Using the listing, copy each whole line that features "rule".

TASK INPUTS:
##########

theorem theorem2p1:
  fixes M :: "'a measure" and A :: "nat \<Rightarrow> 'a \<Rightarrow> complex"
  assumes "prob_space M"
    and "\<And>k. A k \<in> borel_measurable M"
    and "\<exists>a::real. \<exists>f::real \<Rightarrow> real. a > 1 \<and>
           (\<forall>x\<in>{a..}. \<forall>y\<in>{a..}. x \<le> y \<longrightarrow> f y \<le> f x) \<and>
           (\<forall>x\<in>{a..}. 0 \<le> f x \<and> f x \<le> 1) \<and>
           (\<integral>\<^sup>+ x\<in>{a..}. ennreal (f x / x) \<partial>lborel) < \<infinity> \<and>
           (\<forall>x\<in>{a..}. \<forall>k. 1 - dist_fun M A k x \<le> f x)"
    and "\<exists>b::real. \<exists>g::real \<Rightarrow> real. 0 < b \<and> b < 1 \<and>
           (\<forall>x\<in>{0..b}. \<forall>y\<in>{0..b}. x \<le> y \<longrightarrow> g x \<le> g y) \<and>
           (\<forall>x\<in>{0..b}. 0 \<le> g x \<and> g x \<le> 1) \<and>
           (\<integral>\<^sup>+ x\<in>{0..b}. ennreal (g x / x) \<partial>lborel) < \<infinity> \<and>
           (\<forall>x\<in>{0..b}. \<forall>k. dist_fun M A k x \<le> g x)"
  shows "AE \<omega> in M. weak_conv_c
           (\<lambda>n. zero_counting_measure n (rand_poly A n \<omega>)) unit_circle_measure"
proof -
  obtain a f where tail: "a > 1" "\<forall>x\<in>{a..}. \<forall>y\<in>{a..}. x \<le> y \<longrightarrow> f y \<le> f x"
    "\<forall>x\<in>{a..}. 0 \<le> f x \<and> f x \<le> 1" "(\<integral>\<^sup>+ x\<in>{a..}. ennreal (f x / x) \<partial>lborel) < \<infinity>"
    "\<forall>x\<in>{a..}. \<forall>k. 1 - dist_fun M A k x \<le> f x"
    using assms(3) by blast
  obtain b g where head: "0 < b" "b < 1" "\<forall>x\<in>{0..b}. \<forall>y\<in>{0..b}. x \<le> y \<longrightarrow> g x \<le> g y"
    "\<forall>x\<in>{0..b}. 0 \<le> g x \<and> g x \<le> 1" "(\<integral>\<^sup>+ x\<in>{0..b}. ennreal (g x / x) \<partial>lborel) < \<infinity>"
    "\<forall>x\<in>{0..b}. \<forall>k. dist_fun M A k x \<le> g x"
    using assms(4) by blast
  have "AE \<omega> in M. \<forall>\<epsilon>>0. eventually (\<lambda>n. cmod (A n \<omega>) \<le> exp (\<epsilon> * real n)) sequentially"
    using AE_eventually_norm_le_exp[OF assms(1,2) tail]
    by (rule AE_eventually_all_pos) (auto elim!: order.trans simp: mult_right_mono)
  moreover have "AE \<omega> in M. \<forall>\<epsilon>>0.
      eventually (\<lambda>n. exp (- (\<epsilon> * real n)) \<le> cmod (A n \<omega>)) sequentially"
    using AE_eventually_exp_le_norm[OF assms(1,2) head]
    by (rule AE_eventually_all_pos) (auto elim!: order.trans[rotated] simp: mult_right_mono)
  moreover have "AE \<omega> in M. A 0 \<omega> \<noteq> 0"
    using head by (intro AE_coeff_nonzero[OF assms(1,2)]) auto
  ultimately show ?thesis
    by eventually_elim (auto intro: weak_conv_zero_counting_rand_poly_subexponential)
qed
end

##########

TASK ANSWER:
    by (rule AE_eventually_all_pos) (auto elim!: order.trans simp: mult_right_mono)
    by (rule AE_eventually_all_pos) (auto elim!: order.trans[rotated] simp: mult_right_mono)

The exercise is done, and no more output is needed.